Leot didn’t answer. He remembered the stories of Bilbo’s return, unlooked-for, declared dead, his smial taken by the Sackville-Bagginses and all his possessions sold. It was easier to hope in the things you could see. Tooks weren’t the only ones ready to believe the worst.

 ‘Well then,’ Rose said. ‘What are we waiting for? If we leave now we ought to reach the Great Smials with the dawn.’

 ‘Bilbo and Robin are hitching up the waggon and padding the box with blankets and pillows,’ Leot said. ‘You and Prim will have a soft bed to lie in.’

 ‘Don’t forget about me,’ Rosie-lass said.

 ‘Rosie,’ Leot began but his wife interrupted.

 ‘The babe is not going to be born this day,’ she said, ‘no matter how jolting the waggon ride. You mark my words! I’m going too. The whole family is. Goldi needs us.’

 ‘Only if you ride in the coach rather than the waggon,’ Leot said wagging a stern finger.

 ‘Of course! Whatever you say, love,’ Rosie said coyly. She’d known she’d be able to talk him round. ‘You know your least wish is my dearest desire.’

***

Ferdi wakened as the rumbling of another aftershake died away. ‘Boys,’ he said. ‘Lads?’

 ‘Here,’ Merigrin said.

 ‘Here,’ the twins sounded together, and then Beregrin added, ‘Where else would we be?’

 ‘Farry?’ Ferdi said anxiously.

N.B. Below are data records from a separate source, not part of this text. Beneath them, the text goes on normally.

(* For every countable subset $\Sigma \subseteq \mathbb{C}$ and every dense subset $T \subseteq \mathbb{C}$ there is a transcendental entire function $f$ such that $f^{(s)}(\Sigma) \subseteq T$ for all integers $s \geq 0$.
   Context: A transcendental entire function is an entire function $\mathbb{C}\to\mathbb{C}$ that is not a polynomial. $f^{(s)}$ denotes the $s$-th derivative of $f$, with $f^{(0)}=f$. *)

theory Defs
  imports "HOL-Analysis.Analysis" "HOL-Computational_Algebra.Polynomial"
begin

definition transcendental_entire :: "(complex \<Rightarrow> complex) \<Rightarrow> bool" where
  "transcendental_entire f \<longleftrightarrow>
     f holomorphic_on UNIV \<and> \<not> (\<exists>p :: complex poly. \<forall>z. f z = poly p z)"

end

theory Submission
  imports Defs
begin

(* Enumerate all pairs (sigma, s) with sigma in Sigma' = insert 0 Sigma and s a
   derivative order as "tasks" n = 0, 1, 2, ..., each task at a point occurring after all tasks
   of lower order at the same point.  For task n take the polynomial Q n that has a zero of
   order exactly od n at its own point pt n and zeros of order od j + 1 at the points of all
   earlier tasks j at other points.  Then adding a multiple c n * Q n never disturbs the
   derivatives fixed by earlier tasks, while c n can be chosen (greedily, using the density of
   T) to push the od n-th derivative at pt n into T - {0}.  Choosing also |c n| so small that
   all derivatives of c n * Q n are bounded by (1/2)^n on growing discs, the series
   F = sum c n * Q n converges to an entire function that may be differentiated termwise.
   Finally, since 0 is among the points, all derivatives of F at 0 are nonzero, so F is no
   polynomial. *)

section \<open>Higher derivatives of polynomials\<close>

lemma higher_pderiv_linear_power_mult:
  fixes a :: "'a::{idom,ring_char_0}" and g :: "'a poly"
  assumes "k \<le> m"
  shows "\<exists>h. (pderiv ^^ k) ([:-a,1:]^m * g) = [:-a,1:]^(m - k) * h \<and>
             (poly g a \<noteq> 0 \<longrightarrow> poly h a \<noteq> 0)"
  using assms
proof (induction k)
  case 0
  then show ?case by auto
next
  case (Suc k)
  then obtain h where h: "(pderiv ^^ k) ([:-a,1:]^m * g) = [:-a,1:]^(m - k) * h"
    and h_nz: "poly g a \<noteq> 0 \<longrightarrow> poly h a \<noteq> 0" by auto
  obtain j where j: "m - k = Suc j" using Suc.prems by (metis Suc_diff_Suc Suc_le_lessD)
  define h' where "h' = smult (of_nat (Suc j)) h + [:-a,1:] * pderiv h"
  have "(pderiv ^^ Suc k) ([:-a,1:]^m * g) = pderiv ([:-a,1:]^Suc j * h)" using h j by simp
  also have "\<dots> = [:-a,1:]^j * h'"
  proof -
    have "pderiv [:-a,1:] = (1::'a poly)" by (simp add: pderiv_pCons)
    have "pderiv ([:-a,1:]^Suc j * h) = pderiv ([:-a,1:]^Suc j) * h + [:-a,1:]^Suc j * pderiv h"
      by (metis pderiv_mult add.commute mult.commute)
    also have "pderiv ([:-a,1:]^Suc j) = smult (of_nat (Suc j)) ([:-a,1:]^j)"
      by (simp only: pderiv_power_Suc \<open>pderiv [:-a,1:] = 1\<close> mult_1_right)
    finally show ?thesis
      unfolding h'_def
      by (simp only: power_Suc distrib_left mult_smult_left mult_smult_right mult.assoc
          mult.left_commute[of "[:-a,1:]"])
  qed
  also have "j = m - Suc k" using j by simp
  finally have "(pderiv ^^ Suc k) ([:-a,1:]^m * g) = [:-a,1:]^(m - Suc k) * h'" .
  moreover have "poly g a \<noteq> 0 \<longrightarrow> poly h' a \<noteq> 0"
  proof -
    have "poly [:-a,1:] a = 0" by simp
    then have "poly h' a = of_nat (Suc j) * poly h a"
      unfolding h'_def by (simp only: poly_add poly_smult poly_mult mult_zero_left add_0_right)
    then show ?thesis using h_nz of_nat_neq_0[of j] by (metis mult_eq_0_iff)
  qed
  ultimately show ?case by (intro exI[of _ h'] conjI)
qed

lemma higher_pderiv_vanishes_at_root:
  fixes a :: "'a::{idom,ring_char_0}" and g :: "'a poly"
  assumes "k < m"
  shows "poly ((pderiv ^^ k) ([:-a,1:]^m * g)) a = 0"
proof -
  obtain h where "(pderiv ^^ k) ([:-a,1:]^m * g) = [:-a,1:]^(m - k) * h"
    using higher_pderiv_linear_power_mult[of k m a g] assms less_imp_le by blast
  then show ?thesis using assms by (simp add: poly_power)
qed

lemma higher_pderiv_nonzero_at_root:
  fixes a :: "'a::{idom,ring_char_0}" and g :: "'a poly"
  assumes "poly g a \<noteq> 0"
  shows "poly ((pderiv ^^ m) ([:-a,1:]^m * g)) a \<noteq> 0"
proof -
  obtain h where "(pderiv ^^ m) ([:-a,1:]^m * g) = [:-a,1:]^(m - m) * h" "poly h a \<noteq> 0"
    using higher_pderiv_linear_power_mult[of m m a g] assms by blast
  then show ?thesis by simp
qed

lemma higher_pderiv_eq_0_if_degree_less:
  fixes p :: "'a::{comm_semiring_1,semiring_no_zero_divisors} poly"
  assumes "degree p < k"
  shows "(pderiv ^^ k) p = 0"
  by (rule poly_eqI) (use assms in \<open>simp add: coeff_higher_pderiv coeff_eq_0\<close>)

lemma higher_deriv_poly: "(deriv ^^ k) (poly p) = poly ((pderiv ^^ k) (p :: complex poly))"
proof (induction k)
  case 0
  then show ?case by simp
next
  case (Suc k)
  have "deriv (poly q) = poly (pderiv q)" for q :: "complex poly"
    by (rule ext, rule DERIV_imp_deriv, rule poly_DERIV)
  then show ?case using Suc by simp
qed

lemma not_poly_if_higher_derivs_nonzero:
  fixes f :: "complex \<Rightarrow> complex"
  assumes "\<And>k. (deriv ^^ k) f z \<noteq> 0"
  shows "\<not> (\<exists>p :: complex poly. \<forall>z. f z = poly p z)"
proof
  assume "\<exists>p :: complex poly. \<forall>z. f z = poly p z"
  then obtain p :: "complex poly" where "f = poly p" by blast
  then have "(deriv ^^ Suc (degree p)) f = poly 0"
    by (simp only: higher_deriv_poly higher_pderiv_eq_0_if_degree_less lessI)
  then show False using assms[of "Suc (degree p)"] by simp
qed

lemma higher_pderivs_bounded:
  fixes p :: "complex poly"
  shows "\<exists>B. \<forall>k\<le>N. \<forall>z. norm z \<le> r \<longrightarrow> norm (poly ((pderiv ^^ k) p) z) \<le> B"
proof -
  let ?phi = "\<lambda>z. \<Sum>k\<le>N. norm (poly ((pderiv ^^ k) p) z)"
  have "continuous_on (cball 0 r) ?phi" by (intro continuous_intros)
  then have "compact (?phi ` cball 0 r)" by (intro compact_continuous_image) auto
  then obtain B where B: "\<forall>x\<in>?phi ` cball 0 r. norm x \<le> B"
    using compact_imp_bounded bounded_iff by metis
  have "norm (poly ((pderiv ^^ k) p) z) \<le> B" if "k \<le> N" "norm z \<le> r" for k z
  proof -
    have "norm (poly ((pderiv ^^ k) p) z) \<le> ?phi z"
      by (rule member_le_sum) (use that in auto)
    also have "\<dots> \<le> B" using B that(2) by (force simp: dist_norm)
    finally show ?thesis .
  qed
  then show ?thesis by blast
qed

section \<open>Termwise differentiation of polynomial series\<close>

lemma poly_series_eventually_small:
  fixes P :: "nat \<Rightarrow> complex poly"
  assumes small: "\<And>n k z. k \<le> n \<Longrightarrow> norm z \<le> real n \<Longrightarrow>
                     norm (poly ((pderiv ^^ k) (P n)) z) \<le> (1/2)^n"
  shows "eventually (\<lambda>n. \<forall>z\<in>cball 0 R. norm (poly ((pderiv ^^ k) (P n)) z) \<le> (1/2)^n) sequentially"
  unfolding eventually_sequentially
proof (intro exI allI impI ballI)
  fix n z assume n: "max k (nat \<lceil>R\<rceil>) \<le> n" and "z \<in> cball (0::complex) R"
  then have "norm z \<le> real n" by (simp add: dist_norm)
  then show "norm (poly ((pderiv ^^ k) (P n)) z) \<le> (1/2)^n" using small n by simp
qed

He was stiff and cold. Good thing he was propped against a sturdy wall, and no one needed unburying. He didn’t think he could move even if he had to.

Merigrin answered, ‘He’s still breathing.’

 ‘Good,’ Ferdi said, relaxing again. ‘Good,’ he repeated. He was dizzy, light-headed, feeling hollow, empty, echoing inside but not hungry. A hobbit who goes without eating for too long forgets hunger, thus the old saying A hobbit who doesn’t eat is soon no hobbit at all. At least the gnawing hunger was gone. He felt at peace, free of care, light enough to float away.

As a matter of fact he did float away on the scrap of a song heard ever so faintly through the wall where his head rested. He did not hear the rhythmic thunk of the shovels that reached them at last, or the joyful cries of the lads as the lantern light shone through the rapidly widening hole.